**Your goal**
Lines in the listing below that include the word "definition" need to be copied.

**Working data**

(* Let $M>0$ and let $(q(t),p(t))$ with $q(t)>0$ be a solution of Hamilton's equations $\dot q=\partial\mathcal H/\partial p$, $\dot p=-\partial\mathcal H/\partial q$ for the single rotating circular peakon Hamiltonian $\mathcal H(p,q)=\frac12\big(p^2+\frac{M^2}{q^2}\big)G(q,q)$, and let $E=\big(p^2+\frac{M^2}{q^2}\big)G(q,q)>0$ be its (conserved) value along the solution. Then there is a unique $q_*=q_*(M,E)>0$ satisfying $$q_*=M\sqrt{\frac{G(q_*,q_* )}{E}},$$ and $q(t)\ge q_*$ for all $t$ in the interval of existence; in particular the peakon circle never collapses to the origin.
   Context: $G(q,q)=I_1(q)K_1(q)$, where $I_1,K_1$ are the modified Bessel functions of order one; more generally $G(r,\xi)=I_1(\min(r,\xi))K_1(\max(r,\xi))$ is the Green's function of the radial Helmholtz operator $1-\frac1r\partial_r r\partial_r+\frac1{r^2}$. *)

theory Defs
  imports "HOL-Analysis.Analysis"
begin

definition besselI1 :: "real \<Rightarrow> real" where
  "besselI1 x = (\<Sum>k. (x / 2) ^ (2 * k + 1) / (fact k * fact (k + 1)))"

text \<open>Modified Bessel function of the second kind of order one
  (integral representation, valid for x > 0).\<close>
definition besselK1 :: "real \<Rightarrow> real" where
  "besselK1 x = integral {0..} (\<lambda>t. exp (- x * cosh t) * cosh t)"

text \<open>Green's function of the radial Helmholtz operator.\<close>
definition GreenG :: "real \<Rightarrow> real \<Rightarrow> real" where
  "GreenG r \<xi> = besselI1 (min r \<xi>) * besselK1 (max r \<xi>)"

definition peakonH :: "real \<Rightarrow> real \<Rightarrow> real \<Rightarrow> real" where
  "peakonH M p q = (1 / 2) * (p ^ 2 + M ^ 2 / q ^ 2) * GreenG q q"

end

theory Submission
  imports Defs
begin

(* Energy conservation turns the Hamiltonian into the a priori bound M^2 Phi(q(t)) <= E, where
   Phi(x) = G(x,x) / x^2.  Writing I_1(x) = (x/2) 0F1(;2;x^2/4) and
   K_1(x) = int_0^oo exp(-x cosh t) cosh t dt gives
     Phi(x) = [exp(-x) 0F1(;2;x^2/4)] [exp(x) K_1(x)] / (2x),
   a product of two positive nonincreasing factors and 1/(2x).  Hence Phi is a continuous,
   strictly decreasing bijection of (0,oo) onto itself: it is at least K_1(1)/(2x) near 0 and at
   most e K_1(1)/(2x) for x >= 1.  The fixed-point equation for q_* says Phi(q_* ) = E/M^2, so it
   has exactly one solution, and Phi(q(t)) <= Phi(q_* ) forces q(t) >= q_*. *)


section \<open>The integrals of exp(-x cosh t) cosh^n t\<close>

lemma power_le_exp_bound:
  fixes s :: real
  assumes "s \<ge> 0" "m > 0"
  shows "s ^ m \<le> real m ^ m * exp s"
proof -
  have "(s / real m) ^ m \<le> (1 + s / real m) ^ m"
    using assms by (intro power_mono) auto
  also have "\<dots> \<le> exp s"
    using assms by (intro exp_ge_one_plus_x_over_n_power_n) auto
  finally show ?thesis
    using assms by (simp add: power_divide field_simps)
qed

lemma exp_neg_cosh_bound:
  fixes x t :: real
  assumes x: "x > 0"
  shows "exp (- x * cosh t) * cosh t ^ n \<le> (2 * real (Suc n) ^ Suc n / x ^ Suc n) * exp (- t)"
proof -
  define c where "c = real (Suc n) ^ Suc n"
  have "(x * cosh t) ^ Suc n \<le> c * exp (x * cosh t)"
    unfolding c_def using x cosh_real_ge_1[of t] by (intro power_le_exp_bound) auto
  hence bound: "exp (- x * cosh t) * cosh t ^ Suc n \<le> c / x ^ Suc n"
    using x by (simp add: field_simps power_mult_distrib exp_minus)
  have "exp (- x * cosh t) * cosh t ^ n * exp t \<le> exp (- x * cosh t) * cosh t ^ n * (2 * cosh t)"
    using cosh_real_ge_1[of t] by (intro mult_left_mono) (auto simp: cosh_def)
  also have "\<dots> = 2 * (exp (- x * cosh t) * cosh t ^ Suc n)"
    by simp
  also have "\<dots> \<le> 2 * c / x ^ Suc n"
    using bound by simp
  finally have "exp (- x * cosh t) * cosh t ^ n \<le> 2 * c / x ^ Suc n / exp t"
    by (simp only: pos_le_divide_eq[OF exp_gt_zero])
  thus ?thesis
    unfolding c_def by (simp add: exp_minus divide_inverse mult_ac)
qed

definition cosh_laplace :: "nat \<Rightarrow> real \<Rightarrow> real" where
  "cosh_laplace n x = integral {0..} (\<lambda>t. exp (- x * cosh t) * cosh t ^ n)"

lemma besselK1_eq_cosh_laplace: "besselK1 = cosh_laplace 1"
  by (simp add: fun_eq_iff besselK1_def cosh_laplace_def)

lemma cosh_laplace_integrable:
  fixes x :: real
  assumes x: "x > 0"
  shows "(\<lambda>t. exp (- x * cosh t) * cosh t ^ n) integrable_on {0..}"
proof (rule measurable_bounded_by_integrable_imp_integrable)
  show "(\<lambda>t. exp (- x * cosh t) * cosh t ^ n) \<in> borel_measurable (lebesgue_on {0..})"
    by (intro continuous_imp_measurable_on_sets_lebesgue continuous_intros) auto
  show "(\<lambda>t. (2 * real (Suc n) ^ Suc n / x ^ Suc n) * exp (- 1 * t)) integrable_on {0..}"
    by (intro integrable_on_mult_right integrable_on_exp_minus_to_infinity) simp
  show "norm (exp (- x * cosh t) * cosh t ^ n)
          \<le> (2 * real (Suc n) ^ Suc n / x ^ Suc n) * exp (- 1 * t)" for t
    using exp_neg_cosh_bound[OF x, of t n] by simp
qed auto

lemma cosh_laplace_pos:
  assumes x: "x > 0"
  shows "cosh_laplace n x > 0"
proof -
  let ?f = "\<lambda>t. exp (- x * cosh t) * cosh t ^ n"
  have on_unit: "?f integrable_on {0..1}"
    by (intro integrable_continuous_interval continuous_intros)
  have "exp (- x * cosh 1) = integral {0..1} (\<lambda>t::real. exp (- x * cosh 1))"
    by simp
  also have "\<dots> \<le> integral {0..1} ?f"
  proof (rule integral_le[OF _ on_unit])
    fix t :: real
    assume t: "t \<in> {0..1}"
    hence "exp (- x * cosh 1) \<le> exp (- x * cosh t)"
      using x by (simp add: cosh_real_nonneg_le_iff)
    also have "\<dots> \<le> ?f t"
      using cosh_real_ge_1[of t] by (simp add: one_le_power)
    finally show "exp (- x * cosh 1) \<le> ?f t" .
  qed (intro integrable_continuous_interval continuous_intros)
  also have "\<dots> \<le> cosh_laplace n x"
    unfolding cosh_laplace_def
    by (intro integral_subset_le on_unit cosh_laplace_integrable x) auto
  finally show ?thesis
    by (rule less_le_trans[OF exp_gt_zero])
qed

lemma cosh_laplace_antimono:
  assumes x: "x > 0" and xy: "x \<le> y"
  shows "cosh_laplace n y \<le> cosh_laplace n x"
  unfolding cosh_laplace_def
proof (rule integral_le)
  fix t :: real
  have "y * cosh t \<ge> x * cosh t"
    using xy cosh_real_ge_1[of t] by (intro mult_right_mono) auto
  thus "exp (- y * cosh t) * cosh t ^ n \<le> exp (- x * cosh t) * cosh t ^ n"
    using cosh_real_ge_1[of t] by (intro mult_right_mono) auto
next
  show "(\<lambda>t. exp (- y * cosh t) * cosh t ^ n) integrable_on {0..}"
    using x xy by (intro cosh_laplace_integrable) auto
  show "(\<lambda>t. exp (- x * cosh t) * cosh t ^ n) integrable_on {0..}"
    using x by (intro cosh_laplace_integrable)
qed

lemma exp_mult_cosh_laplace_antimono:
  assumes x: "x > 0" and xy: "x \<le> y"
  shows "exp y * cosh_laplace n y \<le> exp x * cosh_laplace n x"
proof -
  have eq: "exp z * cosh_laplace n z = integral {0..} (\<lambda>t. exp (z * (1 - cosh t)) * cosh t ^ n)"
    and int: "(\<lambda>t. exp (z * (1 - cosh t)) * cosh t ^ n) integrable_on {0..}"
    if "z > 0" for z
  proof -
    have shift: "(\<lambda>t. exp z * (exp (- z * cosh t) * cosh t ^ n)) = (\<lambda>t. exp (z * (1 - cosh t)) * cosh t ^ n)"
      by (simp add: fun_eq_iff algebra_simps flip: exp_add)
    have "exp z * cosh_laplace n z = integral {0..} (\<lambda>t. exp z * (exp (- z * cosh t) * cosh t ^ n))"
      unfolding cosh_laplace_def by simp
    thus "exp z * cosh_laplace n z = integral {0..} (\<lambda>t. exp (z * (1 - cosh t)) * cosh t ^ n)"
      unfolding shift .
    have "(\<lambda>t. exp z * (exp (- z * cosh t) * cosh t ^ n)) integrable_on {0..}"
      by (intro integrable_on_mult_right cosh_laplace_integrable that)
    thus "(\<lambda>t. exp (z * (1 - cosh t)) * cosh t ^ n) integrable_on {0..}"
      unfolding shift .
  qed
  have "integral {0..} (\<lambda>t. exp (y * (1 - cosh t)) * cosh t ^ n)
          \<le> integral {0..} (\<lambda>t. exp (x * (1 - cosh t)) * cosh t ^ n)"
  proof (rule integral_le)
    fix t :: real
    have "y * (1 - cosh t) \<le> x * (1 - cosh t)"
      using xy cosh_real_ge_1[of t] by (intro mult_right_mono_neg) auto
    thus "exp (y * (1 - cosh t)) * cosh t ^ n \<le> exp (x * (1 - cosh t)) * cosh t ^ n"
      using cosh_real_ge_1[of t] by (intro mult_right_mono) auto
  qed (use x xy int in auto)
  thus ?thesis
    using eq[of x] eq[of y] x xy by simp
qed

lemma cosh_laplace_diff_le:
  assumes a: "a > 0" and ax: "a \<le> x" and xy: "x \<le> y"
  shows "cosh_laplace n x - cosh_laplace n y \<le> (y - x) * cosh_laplace (Suc n) a"
proof -
  have x: "x > 0"
    using a ax by simp
  have "cosh_laplace n x - cosh_laplace n y
          = integral {0..} (\<lambda>t. (exp (- x * cosh t) - exp (- y * cosh t)) * cosh t ^ n)"
    unfolding cosh_laplace_def left_diff_distrib
    using x xy by (intro integral_diff[symmetric] cosh_laplace_integrable) auto
  also have "\<dots> \<le> integral {0..} (\<lambda>t. (y - x) * (exp (- a * cosh t) * cosh t ^ Suc n))"
  proof (rule integral_le)
    show "(\<lambda>t. (exp (- x * cosh t) - exp (- y * cosh t)) * cosh t ^ n) integrable_on {0..}"
      unfolding left_diff_distrib using x xy by (intro integrable_diff cosh_laplace_integrable) auto
    show "(\<lambda>t. (y - x) * (exp (- a * cosh t) * cosh t ^ Suc n)) integrable_on {0..}"
      by (intro integrable_on_mult_right cosh_laplace_integrable a)
    fix t :: real
    have c: "cosh t \<ge> 1"
      by (rule cosh_real_ge_1)
    have "exp (- x * cosh t) - exp (- y * cosh t) = exp (- x * cosh t) * (1 - exp (- ((y - x) * cosh t)))"
      by (simp add: algebra_simps flip: exp_add)
    also have "\<dots> \<le> exp (- x * cosh t) * ((y - x) * cosh t)"
      using exp_ge_add_one_self[of "- ((y - x) * cosh t)"] by (intro mult_left_mono) auto
    also have "\<dots> \<le> exp (- a * cosh t) * ((y - x) * cosh t)"
      using ax xy c by (intro mult_right_mono) (auto intro: mult_right_mono)
    finally have "(exp (- x * cosh t) - exp (- y * cosh t)) * cosh t ^ n
                    \<le> exp (- a * cosh t) * ((y - x) * cosh t) * cosh t ^ n"
      using c by (intro mult_right_mono) auto
    thus "(exp (- x * cosh t) - exp (- y * cosh t)) * cosh t ^ n
            \<le> (y - x) * (exp (- a * cosh t) * cosh t ^ Suc n)"
      by (simp add: mult_ac)
  qed
  also have "\<dots> = (y - x) * cosh_laplace (Suc n) a"
    unfolding cosh_laplace_def by simp
  finally show ?thesis .
qed

lemma cosh_laplace_continuous_on:
  assumes a: "a > 0"
  shows "continuous_on {a..} (cosh_laplace n)"
proof (rule lipschitz_on_continuous_on)
  let ?L = "cosh_laplace (Suc n) a"
  have ordered: "dist (cosh_laplace n x) (cosh_laplace n y) \<le> ?L * dist x y"
    if "a \<le> x" "x \<le> y" for x y
    using cosh_laplace_antimono[of x y n] cosh_laplace_diff_le[OF a that, of n] that a
    by (simp add: dist_real_def mult.commute)
  show "?L-lipschitz_on {a..} (cosh_laplace n)"
  proof (rule lipschitz_onI)
    fix x y
    assume "x \<in> {a..}" "y \<in> {a..}"
    thus "dist (cosh_laplace n x) (cosh_laplace n y) \<le> ?L * dist x y"
      using ordered[of x y] ordered[of y x] by (cases "x \<le> y") (auto simp: dist_commute)
  qed (use cosh_laplace_pos[OF a, of "Suc n"] in simp)
qed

**The completed task**
definition besselI1 :: "real \<Rightarrow> real" where
definition besselK1 :: "real \<Rightarrow> real" where
definition GreenG :: "real \<Rightarrow> real \<Rightarrow> real" where
definition peakonH :: "real \<Rightarrow> real \<Rightarrow> real \<Rightarrow> real" where
definition cosh_laplace :: "nat \<Rightarrow> real \<Rightarrow> real" where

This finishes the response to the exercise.